[[ Record set, beginning ]]

definition in_class_A :: "(real \<Rightarrow> real) \<Rightarrow> bool" where
  "in_class_A p \<longleftrightarrow> is_phase_density p \<and>
     (\<forall>m::int. Im (fourier_coeff p m) = 0 \<and> 0 \<le> Re (fourier_coeff p m))"

end

theory Submission
  imports Defs
begin

text \<open>Expanding the trace entrywise, tr_L((V^* V)^n) is a trigonometric polynomial in the
  phases theta_1, ..., theta_L with nonnegative coefficients: each entry of V^* V is
  (1/N) * sum_k exp(i k (theta_a - theta_b)), and sums and products keep this form.
  Integrating against mu^L turns a monomial exp(i * sum_l m_l theta_l) into the product of the
  values char mu (m_l) of the characteristic function. For the uniform law char u m = [m = 0],
  while char nu m is a Fourier coefficient of p, nonnegative and equal to 1 at m = 0.
  So the inequality already holds for every N and passes to the limit.\<close>

lemma integral_iexp_int_multiple:
  fixes k :: int
  assumes "k \<noteq> 0"
  shows "(CLBINT t:{-pi..pi}. iexp (of_int k * t)) = 0"
proof -
  let ?F = "\<lambda>t::real. iexp (of_int k * t) / (\<i> * of_int k)"
  have deriv: "(?F has_vector_derivative iexp (of_int k * t)) (at (t::real) within {-pi..pi})" for t
  proof -
    have "((\<lambda>z. exp (\<i> * of_int k * z) / (\<i> * of_int k)) has_field_derivative
          exp (\<i> * of_int k * of_real t)) (at (of_real t))"
      using assms by (auto intro!: derivative_eq_intros)
    from has_vector_derivative_real_field[OF this] show ?thesis
      by (simp add: mult.assoc)
  qed
  have "\<i> * of_real (of_int k * pi) = \<i> * of_real (of_int k * (-pi)) + 2 * pi * \<i> * of_int k"
    by (simp add: algebra_simps)
  then have "iexp (of_int k * pi) = iexp (of_int k * (-pi)) * exp (2 * pi * \<i> * of_int k)"
    by (metis exp_add)
  also have "exp (2 * pi * \<i> * of_int k) = 1"
    using exp_integer_2pi[of "of_int k"] by (simp add: algebra_simps)
  finally have periodic: "?F pi = ?F (-pi)" by simp
  have "(CLBINT t=-pi..pi. iexp (of_int k * t)) = ?F pi - ?F (-pi)"
    using deriv by (intro interval_integral_FTC_finite) (auto intro!: continuous_intros)
  with periodic show ?thesis by (simp add: interval_integral_Icc)
qed
text \<open>With q = - ln rho, rho ^ j = exp (- j * q). Since D = d + j * Suc d <= (j + 1) * (d + 1),
  once delta D >= 2 * (d + 1) / q the exponent D / delta D is at most (j + 1) * q / 2, which is
  about half the decay rate of rho ^ j.\<close>
lemma exists_depth_with_small_exponent:
  fixes \<delta> :: "real \<Rightarrow> real" and \<rho> c :: real
  assumes \<delta>: "filterlim \<delta> at_top at_top" and \<rho>: "0 < \<rho>" "\<rho> < 1" and c: "0 < c"
  shows "\<exists>j. c * \<rho> ^ j < exp (- real (d + j * Suc d) / \<delta> (real (d + j * Suc d)))"
proof -
  define q where "q = - ln \<rho>"
  have q: "0 < q" using \<rho> by (simp add: q_def)
  obtain X where X: "\<And>x. X \<le> x \<Longrightarrow> 2 * (real d + 1) / q \<le> \<delta> x"
    using \<delta> unfolding filterlim_at_top eventually_at_top_linorder by blast
  define j :: nat where "j = nat \<lceil>max X (1 + 2 * ln c / q)\<rceil> + 1"
  define D where "D = d + j * Suc d"
  have j: "X < real j" "1 + 2 * ln c / q < real j" unfolding j_def by linarith+
  have "real j \<le> real D" by (simp add: D_def)
  then have "X \<le> real D" using j(1) by linarith
  then have \<delta>D: "2 * (real d + 1) / q \<le> \<delta> (real D)" by (rule X)
  have "real D \<le> (real j + 1) * (real d + 1)" by (simp add: D_def algebra_simps)
  then have "real D / \<delta> (real D) \<le> (real j + 1) * (real d + 1) / (2 * (real d + 1) / q)"
    using \<delta>D q by (intro frac_le) auto
  also have "\<dots> = (real j + 1) * q / 2" using q by (simp add: field_simps)
  finally have ratio: "- ((real j + 1) * q / 2) \<le> - real D / \<delta> (real D)" by simp
  have "2 * ln c / q < real j - 1" using j(2) by linarith
  then have "2 * ln c < (real j - 1) * q" using q by (simp add: pos_divide_less_eq)
  then have "ln c < (real j - 1) * q / 2" by simp
  then have "c < exp ((real j - 1) * q / 2)" using c by (metis exp_less_mono exp_ln)
  then have "c * \<rho> ^ j < exp ((real j - 1) * q / 2) * exp (- (real j * q))"
    using \<rho> by (simp add: q_def exp_of_nat_mult mult_strict_right_mono)
  also have "\<dots> = exp (- ((real j + 1) * q / 2))" by (simp add: exp_add[symmetric] field_simps)
  also have "\<dots> \<le> exp (- real D / \<delta> (real D))" using ratio by simp
  finally show ?thesis unfolding D_def by blast
qed
(* Let $(X_B,X_C,X_R)$ be an OCC of a graph $G$, let $f_X$ be a proper $2$-coloring of $G[X_B]$, let $B^\ast \subseteq X_B$ satisfy property $(\star)$, and let $G'$ be the reduced graph. If $S'$ is a minimum-size odd cycle transversal of $G'$, then $S' \subseteq V(G) \cap V(G')$ and $S'$ is a minimum-size odd cycle transversal of $G$.
   Context: An odd cycle transversal (OCT) of a graph is a vertex set whose removal leaves a bipartite graph. An odd cycle cut (OCC) of $G$ is a partition $(X_B, X_C, X_R)$ of $V(G)$ such that $G[X_B]$ is bipartite, there is no edge between $X_B$ and $X_R$, and $X_B \cup X_C \neq \emptyset$. Auxiliary graph: $G_{\mathrm{aux}}$ is obtained from a copy of $G[X_B]$ by adding, for each $v \in X_C$, new vertices $v^{(0)}, v^{(1)}$ and, for each $u \in N_G(v) \cap X_B$, the edge $v^{(f_X(u))}u$; $T := \{v^{(i)} : v \in X_C, i \in \{0,1\}\}$. Property $(\star)$ of $B^\ast \subseteq X_B$: for every partition $(T_1,T_2,T_3,T_X)$ of $T$ into four possibly empty parts, if there exists $S \subseteq X_B$ with $|S| \le |T|$ separating $T_i$ and $T_j$ (no connected component of $G_{\mathrm{aux}} - T_X - S$ meets both) for all $1 \le i < j \le 3$, then $B^\ast$ contains such a set $S$ of minimum possible size. Reduced graph $G'$: start from $G - (X_B \setminus B^\ast)$; then, for every unordered pair $\{u,v\}$ of (not necessarily distinct) vertices of $X_C \cup B^\ast$ and every parity $p \in \{\text{even},\text{odd}\}$ such that $G$ contains a $(u,v)$-walk of length of parity $p$ that has at least one internal vertex and all of whose internal vertices lie in $X_B \setminus B^\ast$: if $p$ is even, add two new vertices $x, x'$, each adjacent to exactly $u$ and $v$; if $p$ is odd, add four new vertices $x,y,x',y'$ and the edges $ux, xy, yv, ux', x'y', y'v$. All added vertices are distinct and new. *)

theory Defs
  imports Main
begin

type_synonym 'a graph = "'a set \<times> 'a set set"

definition graph :: "'a graph \<Rightarrow> bool" where
  "graph G \<longleftrightarrow> finite (fst G) \<and>
     (\<forall>e\<in>snd G. \<exists>u v. u \<noteq> v \<and> e = {u, v} \<and> u \<in> fst G \<and> v \<in> fst G)"

definition bipartite_on :: "'a graph \<Rightarrow> 'a set \<Rightarrow> bool" where
  "bipartite_on G W \<longleftrightarrow>
     (\<exists>c :: 'a \<Rightarrow> bool. \<forall>u\<in>W. \<forall>v\<in>W. {u, v} \<in> snd G \<longrightarrow> c u \<noteq> c v)"

definition is_oct :: "'a graph \<Rightarrow> 'a set \<Rightarrow> bool" where
  "is_oct G S \<longleftrightarrow> S \<subseteq> fst G \<and> bipartite_on G (fst G - S)"

definition is_min_oct :: "'a graph \<Rightarrow> 'a set \<Rightarrow> bool" where
  "is_min_oct G S \<longleftrightarrow> is_oct G S \<and> (\<forall>S'. is_oct G S' \<longrightarrow> card S \<le> card S')"

definition is_occ :: "'a graph \<Rightarrow> 'a set \<Rightarrow> 'a set \<Rightarrow> 'a set \<Rightarrow> bool" where
  "is_occ G XB XC XR \<longleftrightarrow>
     XB \<union> XC \<union> XR = fst G \<and> XB \<inter> XC = {} \<and> XB \<inter> XR = {} \<and> XC \<inter> XR = {} \<and>
     bipartite_on G XB \<and>
     (\<forall>u\<in>XB. \<forall>v\<in>XR. {u, v} \<notin> snd G) \<and>
     XB \<union> XC \<noteq> {}"

definition proper_2col_on :: "'a graph \<Rightarrow> 'a set \<Rightarrow> ('a \<Rightarrow> bool) \<Rightarrow> bool" where
  "proper_2col_on G W f \<longleftrightarrow> (\<forall>u\<in>W. \<forall>v\<in>W. {u, v} \<in> snd G \<longrightarrow> f u \<noteq> f v)"

text \<open>Walks: lists of vertices, consecutive ones adjacent; length = length xs - 1.\<close>
definition is_walk :: "'a graph \<Rightarrow> 'a list \<Rightarrow> bool" where
  "is_walk G xs \<longleftrightarrow> xs \<noteq> [] \<and> set xs \<subseteq> fst G \<and>
     (\<forall>i. Suc i < length xs \<longrightarrow> {xs ! i, xs ! Suc i} \<in> snd G)"

definition connected_in :: "'a graph \<Rightarrow> 'a set \<Rightarrow> 'a \<Rightarrow> 'a \<Rightarrow> bool" where
  "connected_in G W a b \<longleftrightarrow>
     a \<in> W \<and> (\<lambda>x y. x \<in> W \<and> y \<in> W \<and> {x, y} \<in> snd G)\<^sup>*\<^sup>* a b"

datatype 'a auxv = Base 'a | Term 'a bool

definition aux_graph :: "'a graph \<Rightarrow> 'a set \<Rightarrow> 'a set \<Rightarrow> ('a \<Rightarrow> bool) \<Rightarrow> 'a auxv graph" where
  "aux_graph G XB XC f =
     (Base ` XB \<union> {Term v i | v i. v \<in> XC},
      {{Base u, Base w} | u w. u \<in> XB \<and> w \<in> XB \<and> {u, w} \<in> snd G} \<union>
      {{Term v (f u), Base u} | u v. v \<in> XC \<and> u \<in> XB \<and> {u, v} \<in> snd G})"

definition terminals :: "'a set \<Rightarrow> 'a auxv set" where
  "terminals XC = {Term v i | v i. v \<in> XC}"

definition separates3 ::
  "'a auxv graph \<Rightarrow> 'a set \<Rightarrow> 'a auxv set \<Rightarrow> 'a auxv set \<Rightarrow> 'a auxv set \<Rightarrow> 'a auxv set \<Rightarrow> bool" where
  "separates3 Ga S T1 T2 T3 TX \<longleftrightarrow>
     (let W = fst Ga - TX - Base ` S in
      \<forall>A\<in>{T1, T2, T3}. \<forall>B\<in>{T1, T2, T3}. A \<noteq> B \<longrightarrow>
        (\<forall>a\<in>A. \<forall>b\<in>B. \<not> connected_in Ga W a b))"

definition star_property :: "'a graph \<Rightarrow> 'a set \<Rightarrow> 'a set \<Rightarrow> ('a \<Rightarrow> bool) \<Rightarrow> 'a set \<Rightarrow> bool" where
  "star_property G XB XC f Bs \<longleftrightarrow>
     (let Ga = aux_graph G XB XC f; T = terminals XC in
      \<forall>T1 T2 T3 TX.
        T1 \<union> T2 \<union> T3 \<union> TX = T \<and>
        T1 \<inter> T2 = {} \<and> T1 \<inter> T3 = {} \<and> T1 \<inter> TX = {} \<and>
        T2 \<inter> T3 = {} \<and> T2 \<inter> TX = {} \<and> T3 \<inter> TX = {} \<longrightarrow>
        (\<exists>S. S \<subseteq> XB \<and> card S \<le> card T \<and> separates3 Ga S T1 T2 T3 TX) \<longrightarrow>
        (\<exists>S. S \<subseteq> Bs \<and> separates3 Ga S T1 T2 T3 TX \<and>
             (\<forall>S'. S' \<subseteq> XB \<and> separates3 Ga S' T1 T2 T3 TX \<longrightarrow> card S \<le> card S')))"

text \<open>Vertices of G': original vertices Orig v, and new gadget vertices
Gad P odd k i attached to the unordered pair P = {u,v} (P has 1 or 2 elements),
the parity (odd = True for odd walks), the copy index k \<in> {0,1}
(x vs x') and the position i \<in> {0,1} along the path (x vs y).\<close>

datatype 'a rv = Orig 'a | Gad "'a set" bool nat nat

definition pfst :: "'a set \<Rightarrow> 'a" where
  "pfst P = (SOME u. u \<in> P)"

definition psnd :: "'a set \<Rightarrow> 'a" where
  "psnd P = (SOME v. P = {pfst P, v})"

definition has_par_walk :: "'a graph \<Rightarrow> 'a set \<Rightarrow> 'a \<Rightarrow> 'a \<Rightarrow> bool \<Rightarrow> bool" where
  "has_par_walk G I u v odd_par \<longleftrightarrow>
     (\<exists>xs. is_walk G xs \<and> length xs \<ge> 3 \<and> hd xs = u \<and> last xs = v \<and>
           set (butlast (tl xs)) \<subseteq> I \<and> (odd (length xs - 1) \<longleftrightarrow> odd_par))"

definition gadget_needed :: "'a graph \<Rightarrow> 'a set \<Rightarrow> 'a set \<Rightarrow> 'a set \<Rightarrow> 'a set \<Rightarrow> bool \<Rightarrow> bool" where
  "gadget_needed G XB XC Bs P odd_par \<longleftrightarrow>
     (\<exists>u v. P = {u, v} \<and> u \<in> XC \<union> Bs \<and> v \<in> XC \<union> Bs \<and>
            has_par_walk G (XB - Bs) u v odd_par)"

definition reduced_graph :: "'a graph \<Rightarrow> 'a set \<Rightarrow> 'a set \<Rightarrow> 'a set \<Rightarrow> 'a rv graph" where
  "reduced_graph G XB XC Bs =
     (let K = fst G - (XB - Bs) in
      (Orig ` K \<union>
       {Gad P False k 0 | P k. gadget_needed G XB XC Bs P False \<and> k < 2} \<union>
       {Gad P True k i | P k i. gadget_needed G XB XC Bs P True \<and> k < 2 \<and> i < 2},
       {{Orig u, Orig v} | u v. u \<in> K \<and> v \<in> K \<and> {u, v} \<in> snd G} \<union>
       {{Orig (pfst P), Gad P False k 0} | P k. gadget_needed G XB XC Bs P False \<and> k < 2} \<union>
       {{Gad P False k 0, Orig (psnd P)} | P k. gadget_needed G XB XC Bs P False \<and> k < 2} \<union>
       {{Orig (pfst P), Gad P True k 0} | P k. gadget_needed G XB XC Bs P True \<and> k < 2} \<union>
       {{Gad P True k 0, Gad P True k 1} | P k. gadget_needed G XB XC Bs P True \<and> k < 2} \<union>
       {{Gad P True k 1, Orig (psnd P)} | P k. gadget_needed G XB XC Bs P True \<and> k < 2}))"

end

(*
  A minimum OCT of the reduced graph G' never uses gadget vertices: if one of the two parallel
  copies of a gadget is untouched, all gadget vertices can be dropped, and otherwise the two
  hit copies can be traded for one end of the gadget. An OCT of G' avoiding the gadgets pulls
  back to an OCT of G of the same size: G[X_B - B*] is bipartite, and every walk through it
  between two surviving vertices of X_C \<union> B* is mirrored by a gadget of the same parity, so
  the colouring of G' extends along such walks.

  Conversely, let S be a minimum OCT of G with a 2-colouring c of G - S. Comparing c with f
  on X_B shows that S \<inter> X_B separates the terminals Term v (c v) from the terminals
  Term v (\<not> c v) in the auxiliary graph, and minimality bounds its size by |T|. Property
  (\<star>) then provides a separator Ss \<subseteq> B* of at most that size; flipping f on the
  part of X_B connected to the first group of terminals shows that (S - X_B) \<union> Ss is an
  OCT of G, which avoids X_B - B* and hence is also an OCT of G'.
*)

theory Submission
  imports Defs
begin

section \<open>Walks and 2-colourings\<close>

lemma bipartite_on_iff_proper_2col: "bipartite_on G W \<longleftrightarrow> (\<exists>c. proper_2col_on G W c)"
  unfolding bipartite_on_def proper_2col_on_def ..

lemma min_oct_exists: "\<exists>S. is_min_oct G S"
  using ex_has_least_nat[of "is_oct G" "fst G" card]
  unfolding is_min_oct_def is_oct_def bipartite_on_def by auto

lemma is_walk_iff_successively:
  "is_walk G xs \<longleftrightarrow> xs \<noteq> [] \<and> set xs \<subseteq> fst G \<and> successively (\<lambda>x y. {x, y} \<in> snd G) xs"
  by (simp add: is_walk_def successively_conv_nth)

lemma successively_neq_parity:
  fixes c :: "'a \<Rightarrow> bool"
  assumes "successively (\<lambda>x y. c x \<noteq> c y) xs" "xs \<noteq> []"
  shows "(c (hd xs) \<noteq> c (last xs)) \<longleftrightarrow> odd (length xs - 1)"
  using assms
proof (induction "\<lambda>x y. c x \<noteq> c y" xs rule: successively.induct)
  case (3 x y xs)
  have "c x \<noteq> c y" "c y \<noteq> c (last (y # xs)) \<longleftrightarrow> odd (length xs)"
    using 3 by auto
  then show ?case by auto
qed simp_all

lemma proper_2col_walk_parity:
  fixes c :: "'a \<Rightarrow> bool"
  assumes c: "proper_2col_on G W c" and xs: "is_walk G xs" "set xs \<subseteq> W"
  shows "(c (hd xs) \<noteq> c (last xs)) \<longleftrightarrow> odd (length xs - 1)"
proof (rule successively_neq_parity)
  have "successively (\<lambda>x y. x \<in> W \<and> y \<in> W \<and> {x, y} \<in> snd G) xs"
    using xs unfolding is_walk_iff_successively by (auto simp: successively_conv_nth)
  then show "successively (\<lambda>x y. c x \<noteq> c y) xs"
    by (rule successively_mono) (use c in \<open>auto simp: proper_2col_on_def\<close>)
qed (use xs in \<open>simp add: is_walk_def\<close>)

lemma set_hd_last_butlast_tl:
  assumes "2 \<le> length xs"
  shows "set xs = insert (hd xs) (insert (last xs) (set (butlast (tl xs))))"
proof (cases xs)
  case (Cons x ys)
  then have "ys \<noteq> []"
    using assms by auto
  then have "set ys = insert (last ys) (set (butlast ys))"
    by (induction ys rule: rev_induct) auto
  then show ?thesis
    using Cons \<open>ys \<noteq> []\<close> by simp
qed (use assms in simp)

lemma has_par_walk_parity:
  fixes c :: "'a \<Rightarrow> bool"
  assumes "proper_2col_on G W c" "has_par_walk G I u v p" "I \<subseteq> W" "u \<in> W" "v \<in> W"
  shows "(c u \<noteq> c v) \<longleftrightarrow> p"
proof -
  obtain xs where xs: "is_walk G xs" "3 \<le> length xs" "hd xs = u" "last xs = v"
    "set (butlast (tl xs)) \<subseteq> I" "odd (length xs - 1) \<longleftrightarrow> p"
    using assms(2) unfolding has_par_walk_def by blast
  have "set xs \<subseteq> W"
    using set_hd_last_butlast_tl[of xs] xs assms(3-5) by auto
  then show ?thesis
    using proper_2col_walk_parity[OF assms(1) xs(1)] xs by simp
qed

lemma has_par_walk_sym:
  assumes "has_par_walk G I u v p"
  shows "has_par_walk G I v u p"
proof -
  obtain xs where xs: "is_walk G xs" "3 \<le> length xs" "hd xs = u" "last xs = v"
    "set (butlast (tl xs)) \<subseteq> I" "odd (length xs - 1) \<longleftrightarrow> p"
    using assms unfolding has_par_walk_def by blast
  have "is_walk G (rev xs)"
    using xs(1) unfolding is_walk_iff_successively by (simp add: insert_commute)
  moreover have "butlast (tl (rev xs)) = rev (butlast (tl xs))"
    by (metis butlast_rev butlast_tl rev_rev_ident)
  ultimately show ?thesis
    unfolding has_par_walk_def using xs
    by (intro exI[of _ "rev xs"]) (auto simp: hd_rev last_rev)
qed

[[ Record set, end ]]

**The problem**
Repeat the entries above verbatim, but only from the line that has "define D where" down to the line that has "using \<rho> by (simp add: q_def exp_of_nat_mult", inclusive.

**Written solution**
  define D where "D = d + j * Suc d"
  have j: "X < real j" "1 + 2 * ln c / q < real j" unfolding j_def by linarith+
  have "real j \<le> real D" by (simp add: D_def)
  then have "X \<le> real D" using j(1) by linarith
  then have \<delta>D: "2 * (real d + 1) / q \<le> \<delta> (real D)" by (rule X)
  have "real D \<le> (real j + 1) * (real d + 1)" by (simp add: D_def algebra_simps)
  then have "real D / \<delta> (real D) \<le> (real j + 1) * (real d + 1) / (2 * (real d + 1) / q)"
    using \<delta>D q by (intro frac_le) auto
  also have "\<dots> = (real j + 1) * q / 2" using q by (simp add: field_simps)
  finally have ratio: "- ((real j + 1) * q / 2) \<le> - real D / \<delta> (real D)" by simp
  have "2 * ln c / q < real j - 1" using j(2) by linarith
  then have "2 * ln c < (real j - 1) * q" using q by (simp add: pos_divide_less_eq)
  then have "ln c < (real j - 1) * q / 2" by simp
  then have "c < exp ((real j - 1) * q / 2)" using c by (metis exp_less_mono exp_ln)
  then have "c * \<rho> ^ j < exp ((real j - 1) * q / 2) * exp (- (real j * q))"
    using \<rho> by (simp add: q_def exp_of_nat_mult mult_strict_right_mono)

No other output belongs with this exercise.